Why the Focus on Database Sharding?
You will notice as you read this book that much of the focus is on database sharding, a technique and architecture for horizontal shared-nothing partitioning of database data across independent nodes or servers. From extensive experience and research, we have found that, regardless of what DBMS you use, database sharding is the only effective means for scaling a database. This applies to all types of databases, including the traditional relational database management system (RDBMS), NoSQL platforms, Big Data engines, Cloud databases, or databases of the so-called NewSQL paradigm. If you look closely at any of these offerings, particularly if they advertise a scalable platform, you will see that some sort of horizontal partitioning of data across nodes is used. Thus, database sharding is the answer, used in one way or another for virtually every leading database platform. Figure 1.2 shows the concept of database sharding, breaking a large monolithic database into multiple, smaller, sharded database instances across multiple servers.
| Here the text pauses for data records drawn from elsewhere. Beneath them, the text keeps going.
text \<open>Every word has a run decomposition: prepending a letter either extends the
  first run or starts a new one.\<close>

lemma runs_exists: "\<exists>L. runs L w"
proof (induction w)
  case Nil
  show ?case by (rule exI[of _ "[]"]) simp
next
  case (Cons x w)
  show ?case
  proof (cases w)
    case Nil
    then have "runs [1] (x # w)" by (simp add: first_run_def)
    then show ?thesis by blast
  next
    case (Cons y v)
    from Cons.IH obtain L where L: "runs L w" by blast
    with \<open>w = y # v\<close> obtain a L' where aL: "L = a # L'" by (cases L) auto
    with L have a: "first_run a w" "runs L' (drop a w)" by auto
    show ?thesis
    proof (cases "x \<le> y")
      case True
      have "sorted (x # take a w)"
        using a(1) True \<open>w = y # v\<close> by (cases a) (auto simp: first_run_def)
      then have "first_run (Suc a) (x # w)"
        using a(1) by (cases a) (auto simp: first_run_def)
      then have "runs (Suc a # L') (x # w)" using a(2) by simp
      then show ?thesis by blast
    next
      case False
      then have "runs (1 # L) (x # w)" using L \<open>w = y # v\<close> by (simp add: first_run_def)
      then show ?thesis by blast
    qed
  qed
qed

lemma first_run_exists: "w \<noteq> [] \<Longrightarrow> \<exists>a. first_run a w"
proof -
  assume "w \<noteq> []"
  obtain L where "runs L w" using runs_exists by blast
  with \<open>w \<noteq> []\<close> show ?thesis by (cases L) auto
qed

lemma sorted_take_no_descent:
  assumes "sorted (take b w)" "0 < a" "a < b" "b \<le> length w"
  shows "w ! (a - 1) \<le> w ! a"
  using sorted_nth_mono[OF assms(1), of "a - 1" a] assms by simp

text \<open>The first run is determined by the word: a shorter candidate would end with
  a descent inside the sorted prefix of the longer one.\<close>

lemma first_run_unique: "first_run a w \<Longrightarrow> first_run b w \<Longrightarrow> a = b"
  unfolding first_run_def
  by (metis linorder_neqE_nat sorted_take_no_descent leD order_less_le_trans)

lemma runs_unique: "runs L w \<Longrightarrow> runs L' w \<Longrightarrow> L = L'"
proof (induction L arbitrary: L' w)
  case Nil
  then show ?case by (cases L') (auto simp: first_run_def)
next
  case (Cons a L)
  then obtain b L'' where "L' = b # L''"
    by (cases L') (auto simp: first_run_def)
  with Cons.prems have "a = b" "runs L (drop a w)" "runs L'' (drop a w)"
    using first_run_unique by auto
  with Cons.IH \<open>L' = b # L''\<close> show ?case by simp
qed

section \<open>r_L is the indicator of the run decomposition\<close>

definition boundary :: "nat list \<Rightarrow> nat \<Rightarrow> bool" where
  "boundary L i \<longleftrightarrow> (\<exists>k. 1 \<le> k \<and> k < length L \<and> i = sum_list (take k L))"

definition descents_at_boundaries :: "nat list \<Rightarrow> nat list \<Rightarrow> bool" where
  "descents_at_boundaries L w \<longleftrightarrow> length w = sum_list L \<and>
     (\<forall>j. j + 1 < length w \<longrightarrow> (w ! (j + 1) < w ! j \<longleftrightarrow> boundary L (j + 1)))"

lemma rser_descents: "rser L w = (if descents_at_boundaries L w then 1 else 0)"
proof -
  have "(if P then y < x else x \<le> y) \<longleftrightarrow> (y < x \<longleftrightarrow> P)" for P and x y :: nat by auto
  then show ?thesis
    unfolding rser_def descents_at_boundaries_def boundary_def by simp
qed

lemma boundary_Nil: "\<not> boundary [] i"
  by (simp add: boundary_def)

lemma boundary_Cons:
  assumes "is_composition L"
  shows "boundary (a # L) i \<longleftrightarrow> (i = a \<and> L \<noteq> []) \<or> (a < i \<and> boundary L (i - a))"
proof
  assume "boundary (a # L) i"
  then obtain k where k: "1 \<le> k" "k < Suc (length L)" "i = sum_list (take k (a # L))"
    unfolding boundary_def by auto
  show "(i = a \<and> L \<noteq> []) \<or> (a < i \<and> boundary L (i - a))"
  proof (cases "k = 1")
    case True
    then show ?thesis using k by (cases L) auto
  next
    case False
    then obtain k' where k': "k = Suc (Suc k')" using k(1) by (cases k; cases "k - 1") auto
    then obtain b L' where L: "L = b # L'" using k by (cases L) auto
    have "0 < b" using assms L by (simp add: is_composition_def)
    moreover have "i = a + (b + sum_list (take k' L'))" using k(3) k' L by simp
    moreover have "boundary L (b + sum_list (take k' L'))"
      unfolding boundary_def using k(2) k' L by (intro exI[of _ "Suc k'"]) auto
    ultimately show ?thesis by simp
  qed
next
  assume "(i = a \<and> L \<noteq> []) \<or> (a < i \<and> boundary L (i - a))"
  then show "boundary (a # L) i"
  proof
    assume "i = a \<and> L \<noteq> []"
    then show ?thesis unfolding boundary_def by (intro exI[of _ 1]) auto
  next
    assume "a < i \<and> boundary L (i - a)"
    then obtain k where "1 \<le> k" "k < length L" "i = a + sum_list (take k L)"
      unfolding boundary_def by auto
    then show ?thesis unfolding boundary_def by (intro exI[of _ "Suc k"]) auto
  qed
qed

lemma all_index_split:
  fixes a n :: nat
  assumes "0 < a" "a \<le> n"
  shows "(\<forall>j. j + 1 < n \<longrightarrow> P j) \<longleftrightarrow>
    (\<forall>j. j + 1 < a \<longrightarrow> P j) \<and> (a < n \<longrightarrow> P (a - 1)) \<and> (\<forall>j. j + 1 < n - a \<longrightarrow> P (a + j))"
proof (intro iffI conjI allI impI)
  assume H: "(\<forall>j. j + 1 < a \<longrightarrow> P j) \<and> (a < n \<longrightarrow> P (a - 1)) \<and> (\<forall>j. j + 1 < n - a \<longrightarrow> P (a + j))"
  fix j assume j: "j + 1 < n"
  consider "j + 1 < a" | "j + 1 = a" | "a \<le> j" by fastforce
  then show "P j"
  proof cases
    case 3
    then have "j - a + 1 < n - a" using j by simp
    then have "P (a + (j - a))" using H by blast
    then show ?thesis using 3 by simp
  qed (use H j in auto)
qed (use assms in auto)

lemma descents_at_boundaries_Cons:
  assumes "0 < a" "is_composition L"
  shows "descents_at_boundaries (a # L) w \<longleftrightarrow>
    first_run a w \<and> descents_at_boundaries L (drop a w)"
proof (cases "length w = a + sum_list L")
  case len: True
  let ?D = "\<lambda>j. w ! (j + 1) < w ! j \<longleftrightarrow> boundary (a # L) (j + 1)"
  have inside: "(\<forall>j. j + 1 < a \<longrightarrow> ?D j) \<longleftrightarrow> sorted (take a w)"
    using len boundary_Cons[OF assms(2), of a] by (auto simp: sorted_iff_nth_Suc not_less)
  have junction: "(a < length w \<longrightarrow> ?D (a - 1)) \<longleftrightarrow> (a < length w \<longrightarrow> w ! a < w ! (a - 1))"
    using len assms(1) boundary_Cons[OF assms(2), of a a] by auto
  have rest: "(\<forall>j. j + 1 < length w - a \<longrightarrow> ?D (a + j)) \<longleftrightarrow>
      descents_at_boundaries L (drop a w)"
    using len boundary_Cons[OF assms(2), of a]
    by (auto simp: descents_at_boundaries_def add.assoc)
  have "descents_at_boundaries (a # L) w \<longleftrightarrow> (\<forall>j. j + 1 < length w \<longrightarrow> ?D j)"
    using len unfolding descents_at_boundaries_def by auto
  also have "\<dots> \<longleftrightarrow> (\<forall>j. j + 1 < a \<longrightarrow> ?D j) \<and> (a < length w \<longrightarrow> ?D (a - 1))
      \<and> (\<forall>j. j + 1 < length w - a \<longrightarrow> ?D (a + j))"
    by (rule all_index_split) (use assms len in auto)
  also have "\<dots> \<longleftrightarrow> first_run a w \<and> descents_at_boundaries L (drop a w)"
    unfolding inside junction rest first_run_def using assms(1) len by auto
  finally show ?thesis .
next
  case False
  then show ?thesis
    by (auto simp: descents_at_boundaries_def first_run_def)
qed

lemma rser_runs: "is_composition L \<Longrightarrow> rser L w = (if runs L w then 1 else 0)"
proof -
  assume "is_composition L"
  then have "descents_at_boundaries L w \<longleftrightarrow> runs L w"
  proof (induction L arbitrary: w)
    case Nil
    then show ?case by (auto simp: descents_at_boundaries_def boundary_Nil)
  next
    case (Cons a L)
    then have "0 < a" "is_composition L" by (auto simp: is_composition_def)
    then show ?case using Cons.IH descents_at_boundaries_Cons by simp
  qed
  then show ?thesis by (simp add: rser_descents)
qed

section \<open>Words with short runs: the coefficients of S\<close>

definition short_runs :: "nat \<Rightarrow> nat list \<Rightarrow> bool" where
  "short_runs m w \<longleftrightarrow> (\<forall>i. i + m \<le> length w \<longrightarrow> \<not> sorted (take m (drop i w)))"

lemma short_runs_sorted:
  assumes "0 < m" "sorted u"
  shows "short_runs m u \<longleftrightarrow> length u < m"
proof
  assume "short_runs m u"
  then have "\<not> sorted (take m u)" if "m \<le> length u"
    using that unfolding short_runs_def by (metis add_0 drop0)
  then show "length u < m" using assms(2) sorted_wrt_take by (metis not_le)
qed (auto simp: short_runs_def)

lemma sorted_window_straddle:
  assumes s: "sorted (take m (drop i (p @ u)))"
    and i: "i < length p" "length p < i + m" "i + m \<le> length (p @ u)"
  shows "last p \<le> hd u"
proof -
  let ?W = "take m (drop i (p @ u))"
  have ne: "p \<noteq> []" "u \<noteq> []" using i by auto
  have lt: "length p - 1 - i < length p - i" using i by simp
  have "?W ! (length p - 1 - i) \<le> ?W ! (length p - i)"
    by (rule sorted_nth_mono[OF s]) (use i in auto)
  moreover have "?W ! (length p - 1 - i) = last p"
    using i ne lt by (simp add: nth_append last_conv_nth)
  moreover have "?W ! (length p - i) = hd u"
    using i ne by (simp add: nth_append hd_conv_nth)
  ultimately show ?thesis by simp
qed

text \<open>Gluing two words at a strict descent creates no new weakly increasing
  factors: the runs of p @ u are those of p and those of u.\<close>

lemma short_runs_append_descent:
  assumes desc: "p \<noteq> [] \<Longrightarrow> u \<noteq> [] \<Longrightarrow> hd u < last p"
  shows "short_runs m (p @ u) \<longleftrightarrow> short_runs m p \<and> short_runs m u"
proof
  assume H: "short_runs m (p @ u)"
  have "short_runs m p"
    unfolding short_runs_def
  proof (intro allI impI)
    fix i assume "i + m \<le> length p"
    then show "\<not> sorted (take m (drop i p))"
      using H[unfolded short_runs_def, rule_format, of i] by simp
  qed
  moreover have "short_runs m u"
    unfolding short_runs_def
  proof (intro allI impI)
    fix i assume "i + m \<le> length u"
    then show "\<not> sorted (take m (drop i u))"
      using H[unfolded short_runs_def, rule_format, of "length p + i"] by simp
  qed
  ultimately show "short_runs m p \<and> short_runs m u" ..
next
  assume H: "short_runs m p \<and> short_runs m u"
  show "short_runs m (p @ u)"
    unfolding short_runs_def
  proof (intro allI impI notI)
    fix i assume i: "i + m \<le> length (p @ u)" and s: "sorted (take m (drop i (p @ u)))"
    consider "i + m \<le> length p" | "length p \<le> i" | "i < length p" "length p < i + m"
      by linarith
    then show False
    proof cases
      case 1
      then show False using H s unfolding short_runs_def by simp
    next
      case 2
      then have "i - length p + m \<le> length u" "drop i (p @ u) = drop (i - length p) u"
        using i by auto
      then show False using H s unfolding short_runs_def by metis
    next
      case 3
      then have "last p \<le> hd u" using sorted_window_straddle[OF s _ _ i] by simp
      moreover have "p \<noteq> []" "u \<noteq> []" using 3 i by auto
      ultimately show False using desc by simp
    qed
  qed
qed

lemma last_take_conv_nth:
  assumes "0 < a" "a \<le> length w"
  shows "last (take a w) = w ! (a - 1)"
proof -
  have "take a w \<noteq> []" "length (take a w) = a" using assms by auto
  then show ?thesis using assms(1) by (simp add: last_conv_nth)
qed

lemma first_run_junction:
  assumes "first_run a w" "drop a w \<noteq> []"
  shows "hd (drop a w) < last (take a w)"
proof -
  have "0 < a" "a < length w" "w ! a < w ! (a - 1)"
    using assms by (auto simp: first_run_def)
  moreover have "last (take a w) = w ! (a - 1)"
    using calculation by (simp add: last_take_conv_nth)
  ultimately show ?thesis by (simp add: hd_drop_conv_nth)
qed

lemma runs_short_runs:
  assumes "0 < m" "runs L w"
  shows "(\<forall>x\<in>set L. x < m) \<longleftrightarrow> short_runs m w"
  using assms(2)
proof (induction L arbitrary: w)
  case Nil
  then show ?case using assms(1) by (simp add: short_runs_def)
next
  case (Cons a L)
  then have a: "first_run a w" and rest: "runs L (drop a w)" by auto
  have "short_runs m w \<longleftrightarrow> short_runs m (take a w) \<and> short_runs m (drop a w)"
    using short_runs_append_descent[of "take a w" "drop a w" m] first_run_junction[OF a] by simp
  also have "\<dots> \<longleftrightarrow> a < m \<and> (\<forall>x\<in>set L. x < m)"
    using short_runs_sorted[OF assms(1)] a Cons.IH[OF rest] by (auto simp: first_run_def)
  finally show ?case by simp
qed

lemma ncsum_finite_support:
  assumes "finite J" "J \<subseteq> I" "\<And>i. i \<in> I \<Longrightarrow> i \<notin> J \<Longrightarrow> f i w = 0"
  shows "ncsum f I w = (\<Sum>i\<in>J. f i w)"
proof -
  have "{i\<in>I. f i w \<noteq> 0} \<subseteq> J" using assms by blast
  then have "(\<Sum>i\<in>{i\<in>I. f i w \<noteq> 0}. f i w) = (\<Sum>i\<in>J. f i w)"
    by (intro sum.mono_neutral_left[OF assms(1)]) (use assms in auto)
  then show ?thesis unfolding ncsum_def .
qed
Figure 1.2 Database sharding
Understanding the underlying principles of how database sharding works is the answer to controlling your own destiny regarding the ultimate performance of your Big Data implementation. The basic concepts behind sharding and how it works are not difficult, and once you grasp them you can implement amazing levels of scalability. Ultimately this book is about making you successful with your database tier, and the more you know about this concept, the more power you will have over defining, predicting, optimizing, and controlling the performance of your own databases.